### What you need to do
When the line with "For the decrease, shift" appears below, start repeating lines exactly, and keep going through the line with "left over that"; add nothing outside that span.
Data extracts: Begin
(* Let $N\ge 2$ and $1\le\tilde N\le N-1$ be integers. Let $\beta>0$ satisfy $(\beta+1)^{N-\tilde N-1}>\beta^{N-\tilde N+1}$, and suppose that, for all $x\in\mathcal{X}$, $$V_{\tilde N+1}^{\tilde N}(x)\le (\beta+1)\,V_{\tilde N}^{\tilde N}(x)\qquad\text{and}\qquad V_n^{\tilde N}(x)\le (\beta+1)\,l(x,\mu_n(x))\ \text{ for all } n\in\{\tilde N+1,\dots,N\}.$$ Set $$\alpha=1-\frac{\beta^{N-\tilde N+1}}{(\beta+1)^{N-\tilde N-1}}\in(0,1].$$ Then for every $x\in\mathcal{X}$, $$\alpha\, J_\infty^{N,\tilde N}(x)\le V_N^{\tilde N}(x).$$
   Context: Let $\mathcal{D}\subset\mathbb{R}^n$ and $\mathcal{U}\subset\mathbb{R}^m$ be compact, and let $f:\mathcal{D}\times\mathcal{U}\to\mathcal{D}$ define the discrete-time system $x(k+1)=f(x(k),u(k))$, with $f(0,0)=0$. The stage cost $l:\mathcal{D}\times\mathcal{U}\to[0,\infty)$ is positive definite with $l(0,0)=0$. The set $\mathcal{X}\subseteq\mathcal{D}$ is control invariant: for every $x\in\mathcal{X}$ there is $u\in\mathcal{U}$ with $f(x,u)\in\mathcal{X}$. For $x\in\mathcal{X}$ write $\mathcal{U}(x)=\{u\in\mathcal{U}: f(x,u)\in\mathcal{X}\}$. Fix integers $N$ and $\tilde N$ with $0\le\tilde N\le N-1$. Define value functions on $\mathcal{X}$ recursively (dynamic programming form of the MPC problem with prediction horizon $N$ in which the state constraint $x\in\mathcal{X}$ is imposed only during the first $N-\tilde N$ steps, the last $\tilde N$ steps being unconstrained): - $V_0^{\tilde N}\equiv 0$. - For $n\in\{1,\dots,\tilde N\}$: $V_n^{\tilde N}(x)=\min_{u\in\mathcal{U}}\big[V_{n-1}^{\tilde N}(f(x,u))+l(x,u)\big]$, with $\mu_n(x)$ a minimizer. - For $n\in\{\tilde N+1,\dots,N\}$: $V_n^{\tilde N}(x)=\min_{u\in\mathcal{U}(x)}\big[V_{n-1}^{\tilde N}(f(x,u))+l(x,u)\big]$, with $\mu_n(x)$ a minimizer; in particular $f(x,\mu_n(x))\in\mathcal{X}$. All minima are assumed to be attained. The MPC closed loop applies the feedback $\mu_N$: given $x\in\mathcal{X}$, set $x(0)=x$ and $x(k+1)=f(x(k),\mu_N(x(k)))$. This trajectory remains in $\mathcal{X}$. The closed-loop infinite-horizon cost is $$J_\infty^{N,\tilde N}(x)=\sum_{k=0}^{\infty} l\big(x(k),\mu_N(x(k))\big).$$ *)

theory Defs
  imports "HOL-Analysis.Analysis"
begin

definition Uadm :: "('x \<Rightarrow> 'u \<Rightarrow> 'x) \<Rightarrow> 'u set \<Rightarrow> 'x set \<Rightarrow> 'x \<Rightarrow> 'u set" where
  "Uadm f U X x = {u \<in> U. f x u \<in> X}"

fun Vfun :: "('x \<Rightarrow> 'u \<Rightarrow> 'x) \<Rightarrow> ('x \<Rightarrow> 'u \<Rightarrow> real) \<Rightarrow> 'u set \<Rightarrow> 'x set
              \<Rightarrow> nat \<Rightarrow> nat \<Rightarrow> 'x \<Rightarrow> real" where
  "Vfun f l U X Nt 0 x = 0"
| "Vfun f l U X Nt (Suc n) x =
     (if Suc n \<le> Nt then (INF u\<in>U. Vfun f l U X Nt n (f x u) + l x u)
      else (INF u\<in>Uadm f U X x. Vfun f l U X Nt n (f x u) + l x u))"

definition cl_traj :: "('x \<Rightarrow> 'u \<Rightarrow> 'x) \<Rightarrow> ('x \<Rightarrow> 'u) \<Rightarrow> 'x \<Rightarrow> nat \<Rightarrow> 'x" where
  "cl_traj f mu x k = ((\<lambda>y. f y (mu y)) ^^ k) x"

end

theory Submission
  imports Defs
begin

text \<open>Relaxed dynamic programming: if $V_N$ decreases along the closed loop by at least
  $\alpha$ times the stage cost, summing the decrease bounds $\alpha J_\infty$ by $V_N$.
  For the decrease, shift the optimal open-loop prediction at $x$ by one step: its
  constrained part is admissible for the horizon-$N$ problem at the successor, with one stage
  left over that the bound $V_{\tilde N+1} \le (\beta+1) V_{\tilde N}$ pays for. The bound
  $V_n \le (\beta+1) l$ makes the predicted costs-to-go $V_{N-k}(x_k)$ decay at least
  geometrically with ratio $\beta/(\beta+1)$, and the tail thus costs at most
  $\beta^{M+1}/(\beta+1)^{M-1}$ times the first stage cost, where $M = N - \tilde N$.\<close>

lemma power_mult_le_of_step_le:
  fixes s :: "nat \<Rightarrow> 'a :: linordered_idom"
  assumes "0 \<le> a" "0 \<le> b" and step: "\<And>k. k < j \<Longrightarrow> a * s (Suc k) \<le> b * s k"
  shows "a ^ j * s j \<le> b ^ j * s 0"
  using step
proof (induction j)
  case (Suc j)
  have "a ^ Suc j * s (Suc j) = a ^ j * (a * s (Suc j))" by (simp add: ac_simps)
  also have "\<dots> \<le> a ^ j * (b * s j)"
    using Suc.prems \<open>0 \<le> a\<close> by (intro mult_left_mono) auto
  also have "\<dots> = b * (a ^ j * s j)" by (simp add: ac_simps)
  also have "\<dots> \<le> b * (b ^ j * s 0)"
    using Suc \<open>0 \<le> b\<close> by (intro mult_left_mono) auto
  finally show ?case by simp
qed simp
Data extracts: End
Data extracts: Begin
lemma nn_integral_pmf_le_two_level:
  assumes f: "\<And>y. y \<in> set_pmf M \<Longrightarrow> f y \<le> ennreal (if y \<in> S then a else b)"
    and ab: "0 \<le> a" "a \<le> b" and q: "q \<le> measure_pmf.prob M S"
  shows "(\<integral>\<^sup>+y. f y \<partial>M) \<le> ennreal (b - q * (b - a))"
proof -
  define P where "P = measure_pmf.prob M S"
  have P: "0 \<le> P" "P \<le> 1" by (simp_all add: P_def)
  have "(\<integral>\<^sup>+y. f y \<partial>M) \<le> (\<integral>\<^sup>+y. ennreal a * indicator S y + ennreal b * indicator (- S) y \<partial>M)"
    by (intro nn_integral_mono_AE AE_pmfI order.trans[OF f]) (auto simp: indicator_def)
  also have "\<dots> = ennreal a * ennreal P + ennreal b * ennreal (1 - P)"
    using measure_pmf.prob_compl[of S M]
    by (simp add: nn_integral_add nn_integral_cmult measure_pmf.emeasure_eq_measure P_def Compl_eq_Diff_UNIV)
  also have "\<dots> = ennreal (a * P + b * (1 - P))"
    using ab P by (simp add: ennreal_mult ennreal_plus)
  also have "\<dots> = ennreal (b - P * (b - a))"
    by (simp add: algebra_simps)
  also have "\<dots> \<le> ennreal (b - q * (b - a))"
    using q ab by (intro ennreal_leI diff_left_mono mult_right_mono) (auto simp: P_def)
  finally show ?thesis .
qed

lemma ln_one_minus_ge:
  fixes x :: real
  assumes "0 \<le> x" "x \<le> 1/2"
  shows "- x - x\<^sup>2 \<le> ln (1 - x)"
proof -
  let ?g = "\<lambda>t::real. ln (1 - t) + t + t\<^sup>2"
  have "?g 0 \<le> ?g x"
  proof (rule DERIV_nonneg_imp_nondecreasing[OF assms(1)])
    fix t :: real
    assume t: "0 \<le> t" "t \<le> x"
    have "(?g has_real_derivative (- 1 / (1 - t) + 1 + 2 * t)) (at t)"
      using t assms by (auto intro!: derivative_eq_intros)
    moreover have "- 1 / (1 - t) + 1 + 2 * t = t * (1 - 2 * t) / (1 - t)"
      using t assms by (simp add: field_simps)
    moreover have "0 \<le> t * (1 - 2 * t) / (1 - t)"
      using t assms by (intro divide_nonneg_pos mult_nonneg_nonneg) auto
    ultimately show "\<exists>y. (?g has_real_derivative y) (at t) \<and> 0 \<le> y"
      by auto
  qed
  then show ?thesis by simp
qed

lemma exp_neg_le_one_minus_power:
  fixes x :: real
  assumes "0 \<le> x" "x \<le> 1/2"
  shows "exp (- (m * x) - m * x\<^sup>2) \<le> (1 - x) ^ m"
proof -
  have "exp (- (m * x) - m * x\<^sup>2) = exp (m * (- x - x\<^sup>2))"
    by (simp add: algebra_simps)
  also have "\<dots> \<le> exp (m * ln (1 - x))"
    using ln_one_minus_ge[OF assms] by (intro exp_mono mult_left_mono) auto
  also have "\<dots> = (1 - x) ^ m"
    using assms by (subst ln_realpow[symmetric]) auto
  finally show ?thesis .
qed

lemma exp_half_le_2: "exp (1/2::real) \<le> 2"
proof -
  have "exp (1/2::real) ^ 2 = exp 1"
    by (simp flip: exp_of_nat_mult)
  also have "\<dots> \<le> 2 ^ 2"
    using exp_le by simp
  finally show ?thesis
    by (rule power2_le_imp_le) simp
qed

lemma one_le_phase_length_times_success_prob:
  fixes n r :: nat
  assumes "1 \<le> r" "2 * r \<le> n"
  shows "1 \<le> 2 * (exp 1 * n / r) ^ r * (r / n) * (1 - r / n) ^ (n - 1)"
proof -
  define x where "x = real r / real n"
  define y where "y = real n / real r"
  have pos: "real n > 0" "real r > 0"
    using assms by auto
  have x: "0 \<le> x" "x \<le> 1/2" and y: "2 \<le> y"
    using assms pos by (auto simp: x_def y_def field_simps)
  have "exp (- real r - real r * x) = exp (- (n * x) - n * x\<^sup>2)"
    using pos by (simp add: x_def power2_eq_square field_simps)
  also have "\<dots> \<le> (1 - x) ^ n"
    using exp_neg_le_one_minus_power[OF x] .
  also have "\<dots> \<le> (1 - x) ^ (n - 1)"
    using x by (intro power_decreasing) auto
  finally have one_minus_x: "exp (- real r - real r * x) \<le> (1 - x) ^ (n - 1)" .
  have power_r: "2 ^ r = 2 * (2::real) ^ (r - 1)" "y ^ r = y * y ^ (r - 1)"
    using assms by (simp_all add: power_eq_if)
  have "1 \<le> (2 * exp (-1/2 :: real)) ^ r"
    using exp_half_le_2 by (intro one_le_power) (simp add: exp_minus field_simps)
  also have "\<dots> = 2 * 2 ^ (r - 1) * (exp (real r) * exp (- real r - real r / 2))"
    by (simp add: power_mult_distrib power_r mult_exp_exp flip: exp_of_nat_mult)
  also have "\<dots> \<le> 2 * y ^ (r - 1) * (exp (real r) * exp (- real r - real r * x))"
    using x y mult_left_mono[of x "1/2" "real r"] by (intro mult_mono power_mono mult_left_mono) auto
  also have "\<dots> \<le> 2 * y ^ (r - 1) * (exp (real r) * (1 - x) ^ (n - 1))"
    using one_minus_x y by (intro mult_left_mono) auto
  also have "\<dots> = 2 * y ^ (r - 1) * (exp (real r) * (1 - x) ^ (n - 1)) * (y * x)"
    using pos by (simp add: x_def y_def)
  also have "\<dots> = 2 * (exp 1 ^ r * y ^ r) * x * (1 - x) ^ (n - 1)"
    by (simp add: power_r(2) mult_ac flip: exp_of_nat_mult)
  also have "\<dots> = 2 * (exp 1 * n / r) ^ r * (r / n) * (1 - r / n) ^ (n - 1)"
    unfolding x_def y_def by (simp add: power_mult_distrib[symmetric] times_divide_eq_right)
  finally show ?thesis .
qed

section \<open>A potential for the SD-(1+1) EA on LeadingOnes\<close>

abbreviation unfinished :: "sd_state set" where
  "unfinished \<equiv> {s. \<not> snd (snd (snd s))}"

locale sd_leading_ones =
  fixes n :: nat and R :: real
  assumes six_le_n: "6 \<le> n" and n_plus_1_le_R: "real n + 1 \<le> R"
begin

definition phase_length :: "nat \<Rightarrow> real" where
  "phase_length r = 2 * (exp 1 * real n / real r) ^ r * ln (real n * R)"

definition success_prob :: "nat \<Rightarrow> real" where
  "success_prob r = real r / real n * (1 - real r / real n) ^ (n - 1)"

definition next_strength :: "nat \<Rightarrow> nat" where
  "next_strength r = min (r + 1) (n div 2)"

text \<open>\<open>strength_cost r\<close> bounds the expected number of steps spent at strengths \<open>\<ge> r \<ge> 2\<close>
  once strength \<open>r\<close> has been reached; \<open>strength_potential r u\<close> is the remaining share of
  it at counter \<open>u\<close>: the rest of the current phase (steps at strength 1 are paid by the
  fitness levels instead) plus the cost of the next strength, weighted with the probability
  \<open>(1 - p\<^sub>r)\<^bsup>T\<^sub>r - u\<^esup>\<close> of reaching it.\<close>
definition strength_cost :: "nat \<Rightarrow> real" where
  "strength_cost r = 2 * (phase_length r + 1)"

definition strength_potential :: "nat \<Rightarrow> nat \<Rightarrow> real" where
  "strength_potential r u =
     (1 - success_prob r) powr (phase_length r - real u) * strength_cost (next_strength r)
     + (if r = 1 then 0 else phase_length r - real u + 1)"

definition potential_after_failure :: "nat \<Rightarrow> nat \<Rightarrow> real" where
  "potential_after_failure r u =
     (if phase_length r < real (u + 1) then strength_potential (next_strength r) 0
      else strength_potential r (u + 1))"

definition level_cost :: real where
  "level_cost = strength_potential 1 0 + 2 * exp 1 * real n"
Data extracts: End
### Written answer
  For the decrease, shift the optimal open-loop prediction at $x$ by one step: its
  constrained part is admissible for the horizon-$N$ problem at the successor, with one stage
  left over that the bound $V_{\tilde N+1} \le (\beta+1) V_{\tilde N}$ pays for. The bound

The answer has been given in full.